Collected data
^^^^

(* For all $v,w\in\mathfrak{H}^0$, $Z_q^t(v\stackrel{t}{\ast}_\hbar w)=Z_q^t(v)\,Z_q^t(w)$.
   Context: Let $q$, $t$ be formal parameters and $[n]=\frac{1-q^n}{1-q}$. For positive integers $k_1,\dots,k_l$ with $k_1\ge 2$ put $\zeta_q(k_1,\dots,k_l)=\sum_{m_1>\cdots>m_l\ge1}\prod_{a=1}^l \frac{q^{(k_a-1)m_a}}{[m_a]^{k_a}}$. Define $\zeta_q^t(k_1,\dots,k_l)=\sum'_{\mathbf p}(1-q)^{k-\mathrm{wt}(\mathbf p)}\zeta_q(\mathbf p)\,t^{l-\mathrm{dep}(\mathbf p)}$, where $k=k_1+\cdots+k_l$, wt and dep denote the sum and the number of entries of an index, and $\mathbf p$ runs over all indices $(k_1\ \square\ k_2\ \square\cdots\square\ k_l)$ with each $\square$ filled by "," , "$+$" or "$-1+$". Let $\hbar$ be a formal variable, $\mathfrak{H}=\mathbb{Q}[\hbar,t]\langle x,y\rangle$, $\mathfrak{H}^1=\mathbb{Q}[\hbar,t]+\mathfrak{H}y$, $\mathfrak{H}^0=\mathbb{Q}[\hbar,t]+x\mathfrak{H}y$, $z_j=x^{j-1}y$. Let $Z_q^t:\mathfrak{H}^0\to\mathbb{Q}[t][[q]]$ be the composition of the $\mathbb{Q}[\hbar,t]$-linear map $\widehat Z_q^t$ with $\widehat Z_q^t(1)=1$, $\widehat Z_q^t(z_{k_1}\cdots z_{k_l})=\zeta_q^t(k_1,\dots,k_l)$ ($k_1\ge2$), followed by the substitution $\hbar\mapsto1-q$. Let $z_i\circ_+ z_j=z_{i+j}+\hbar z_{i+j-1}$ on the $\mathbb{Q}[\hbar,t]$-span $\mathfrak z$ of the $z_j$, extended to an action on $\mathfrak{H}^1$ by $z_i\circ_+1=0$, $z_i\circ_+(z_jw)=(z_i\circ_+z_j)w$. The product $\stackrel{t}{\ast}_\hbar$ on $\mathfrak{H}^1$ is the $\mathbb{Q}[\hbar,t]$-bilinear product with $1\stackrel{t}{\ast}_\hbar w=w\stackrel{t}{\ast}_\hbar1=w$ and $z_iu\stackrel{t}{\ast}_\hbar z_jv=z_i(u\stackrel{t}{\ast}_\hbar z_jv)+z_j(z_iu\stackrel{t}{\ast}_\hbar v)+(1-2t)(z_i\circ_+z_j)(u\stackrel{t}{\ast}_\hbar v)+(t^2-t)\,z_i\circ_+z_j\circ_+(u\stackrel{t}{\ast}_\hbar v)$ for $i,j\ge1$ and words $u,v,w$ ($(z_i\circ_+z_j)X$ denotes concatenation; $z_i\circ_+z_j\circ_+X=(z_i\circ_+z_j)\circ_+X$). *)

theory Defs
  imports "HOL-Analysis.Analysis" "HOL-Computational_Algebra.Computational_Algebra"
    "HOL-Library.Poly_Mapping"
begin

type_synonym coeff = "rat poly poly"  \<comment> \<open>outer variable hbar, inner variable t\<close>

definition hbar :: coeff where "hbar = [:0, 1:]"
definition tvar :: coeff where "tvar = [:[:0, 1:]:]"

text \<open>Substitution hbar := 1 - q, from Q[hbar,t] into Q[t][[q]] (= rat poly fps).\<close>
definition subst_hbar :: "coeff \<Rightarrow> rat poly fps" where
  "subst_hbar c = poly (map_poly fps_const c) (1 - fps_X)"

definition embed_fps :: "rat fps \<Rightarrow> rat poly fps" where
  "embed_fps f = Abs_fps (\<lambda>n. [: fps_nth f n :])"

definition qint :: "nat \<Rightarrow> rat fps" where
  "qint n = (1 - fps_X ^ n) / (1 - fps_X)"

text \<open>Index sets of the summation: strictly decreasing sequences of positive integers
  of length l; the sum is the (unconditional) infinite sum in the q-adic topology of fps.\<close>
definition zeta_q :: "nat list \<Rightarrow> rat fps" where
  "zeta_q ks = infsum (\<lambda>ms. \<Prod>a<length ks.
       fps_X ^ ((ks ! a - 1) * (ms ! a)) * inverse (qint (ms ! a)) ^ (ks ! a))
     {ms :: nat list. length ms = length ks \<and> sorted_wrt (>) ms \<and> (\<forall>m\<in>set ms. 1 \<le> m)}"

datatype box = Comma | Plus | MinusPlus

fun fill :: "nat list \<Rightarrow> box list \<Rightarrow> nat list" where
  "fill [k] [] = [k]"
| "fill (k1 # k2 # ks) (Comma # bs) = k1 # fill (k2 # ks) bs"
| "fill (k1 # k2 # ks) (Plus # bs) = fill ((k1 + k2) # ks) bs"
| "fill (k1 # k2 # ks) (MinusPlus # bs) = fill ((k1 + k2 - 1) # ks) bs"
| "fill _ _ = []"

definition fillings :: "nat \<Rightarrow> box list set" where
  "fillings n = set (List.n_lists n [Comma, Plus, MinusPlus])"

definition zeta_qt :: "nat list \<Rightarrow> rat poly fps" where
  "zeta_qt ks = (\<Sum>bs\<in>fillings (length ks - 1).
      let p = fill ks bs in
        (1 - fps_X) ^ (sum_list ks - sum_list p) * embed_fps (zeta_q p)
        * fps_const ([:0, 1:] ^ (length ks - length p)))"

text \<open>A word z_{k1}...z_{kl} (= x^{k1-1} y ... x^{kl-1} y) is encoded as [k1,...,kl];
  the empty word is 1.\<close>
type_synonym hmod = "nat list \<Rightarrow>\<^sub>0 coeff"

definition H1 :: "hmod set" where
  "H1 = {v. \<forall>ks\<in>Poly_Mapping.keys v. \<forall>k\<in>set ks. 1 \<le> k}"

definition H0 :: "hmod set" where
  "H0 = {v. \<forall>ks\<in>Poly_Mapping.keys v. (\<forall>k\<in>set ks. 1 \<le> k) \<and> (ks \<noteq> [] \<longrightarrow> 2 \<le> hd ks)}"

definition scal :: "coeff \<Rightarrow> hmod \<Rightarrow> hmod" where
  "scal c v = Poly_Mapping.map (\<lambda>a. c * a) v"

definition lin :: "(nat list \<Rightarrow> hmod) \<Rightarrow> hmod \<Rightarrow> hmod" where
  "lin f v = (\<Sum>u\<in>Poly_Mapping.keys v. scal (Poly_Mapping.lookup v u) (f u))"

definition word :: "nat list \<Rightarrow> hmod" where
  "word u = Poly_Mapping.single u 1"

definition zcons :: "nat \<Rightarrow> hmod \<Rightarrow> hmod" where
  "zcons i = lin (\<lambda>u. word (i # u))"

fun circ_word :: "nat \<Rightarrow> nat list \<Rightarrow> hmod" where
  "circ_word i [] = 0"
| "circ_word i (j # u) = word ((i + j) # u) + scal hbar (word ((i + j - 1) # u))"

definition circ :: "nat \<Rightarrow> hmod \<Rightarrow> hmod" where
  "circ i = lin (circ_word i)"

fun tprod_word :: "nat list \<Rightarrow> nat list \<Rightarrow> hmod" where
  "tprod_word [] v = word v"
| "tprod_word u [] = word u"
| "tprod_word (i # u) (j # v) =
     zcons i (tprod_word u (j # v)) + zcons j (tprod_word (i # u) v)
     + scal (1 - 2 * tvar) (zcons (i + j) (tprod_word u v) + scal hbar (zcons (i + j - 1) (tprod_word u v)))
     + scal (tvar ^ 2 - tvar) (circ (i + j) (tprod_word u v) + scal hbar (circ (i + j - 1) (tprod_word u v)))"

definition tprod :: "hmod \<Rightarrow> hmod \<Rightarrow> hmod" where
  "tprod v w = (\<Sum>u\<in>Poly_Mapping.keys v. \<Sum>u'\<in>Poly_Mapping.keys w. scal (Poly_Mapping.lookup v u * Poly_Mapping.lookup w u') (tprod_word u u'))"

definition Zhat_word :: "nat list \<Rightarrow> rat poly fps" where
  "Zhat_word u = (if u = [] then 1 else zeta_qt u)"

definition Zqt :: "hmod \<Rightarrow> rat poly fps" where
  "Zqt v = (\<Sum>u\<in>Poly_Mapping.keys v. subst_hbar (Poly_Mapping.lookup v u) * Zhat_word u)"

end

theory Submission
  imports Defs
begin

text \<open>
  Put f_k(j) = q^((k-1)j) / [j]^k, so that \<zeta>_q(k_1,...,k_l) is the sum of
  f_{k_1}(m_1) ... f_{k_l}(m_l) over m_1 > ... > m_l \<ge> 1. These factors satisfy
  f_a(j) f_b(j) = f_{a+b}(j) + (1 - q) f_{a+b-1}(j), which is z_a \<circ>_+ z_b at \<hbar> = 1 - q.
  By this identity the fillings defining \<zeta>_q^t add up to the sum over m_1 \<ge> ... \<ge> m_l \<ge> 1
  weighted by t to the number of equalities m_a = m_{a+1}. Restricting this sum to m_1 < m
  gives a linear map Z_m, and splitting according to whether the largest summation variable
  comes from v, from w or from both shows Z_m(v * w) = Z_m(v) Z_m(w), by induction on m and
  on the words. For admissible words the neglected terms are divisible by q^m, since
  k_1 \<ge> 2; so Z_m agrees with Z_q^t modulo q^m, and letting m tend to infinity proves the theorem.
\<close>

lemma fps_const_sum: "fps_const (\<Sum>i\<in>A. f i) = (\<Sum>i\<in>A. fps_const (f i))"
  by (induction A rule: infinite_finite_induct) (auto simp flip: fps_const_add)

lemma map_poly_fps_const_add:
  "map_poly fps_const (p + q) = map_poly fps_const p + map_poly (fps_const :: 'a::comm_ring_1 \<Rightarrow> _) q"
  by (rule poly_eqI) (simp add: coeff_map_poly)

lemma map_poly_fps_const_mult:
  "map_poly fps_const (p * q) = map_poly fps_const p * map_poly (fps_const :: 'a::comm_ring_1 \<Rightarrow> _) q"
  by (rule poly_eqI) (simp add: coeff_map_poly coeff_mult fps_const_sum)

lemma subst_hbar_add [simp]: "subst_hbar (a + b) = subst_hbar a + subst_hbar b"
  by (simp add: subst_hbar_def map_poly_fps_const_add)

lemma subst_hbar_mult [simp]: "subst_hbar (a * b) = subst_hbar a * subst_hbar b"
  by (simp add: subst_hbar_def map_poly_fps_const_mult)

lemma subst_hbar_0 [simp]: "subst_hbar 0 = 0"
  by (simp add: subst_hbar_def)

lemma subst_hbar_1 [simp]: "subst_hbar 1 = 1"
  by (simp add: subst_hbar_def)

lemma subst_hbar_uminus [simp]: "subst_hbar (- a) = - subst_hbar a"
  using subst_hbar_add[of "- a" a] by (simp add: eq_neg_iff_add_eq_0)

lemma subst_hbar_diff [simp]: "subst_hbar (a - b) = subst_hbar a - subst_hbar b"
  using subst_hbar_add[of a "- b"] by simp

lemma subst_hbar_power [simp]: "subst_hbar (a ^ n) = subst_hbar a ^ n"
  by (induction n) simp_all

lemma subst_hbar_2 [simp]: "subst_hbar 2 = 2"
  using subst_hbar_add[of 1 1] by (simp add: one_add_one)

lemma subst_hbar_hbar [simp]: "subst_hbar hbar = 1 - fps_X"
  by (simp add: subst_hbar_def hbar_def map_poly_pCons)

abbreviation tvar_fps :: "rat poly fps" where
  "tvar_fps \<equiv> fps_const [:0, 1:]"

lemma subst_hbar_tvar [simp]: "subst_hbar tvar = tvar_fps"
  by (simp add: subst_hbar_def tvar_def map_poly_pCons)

^^^^

◆ WORK TO BE COMPLETED ◆
The answer must consist of every line above that contains the word "lookup".

◆ RESPONSE ◆
  "lin f v = (\<Sum>u\<in>Poly_Mapping.keys v. scal (Poly_Mapping.lookup v u) (f u))"
  "tprod v w = (\<Sum>u\<in>Poly_Mapping.keys v. \<Sum>u'\<in>Poly_Mapping.keys w. scal (Poly_Mapping.lookup v u * Poly_Mapping.lookup w u') (tprod_word u u'))"
  "Zqt v = (\<Sum>u\<in>Poly_Mapping.keys v. subst_hbar (Poly_Mapping.lookup v u) * Zhat_word u)"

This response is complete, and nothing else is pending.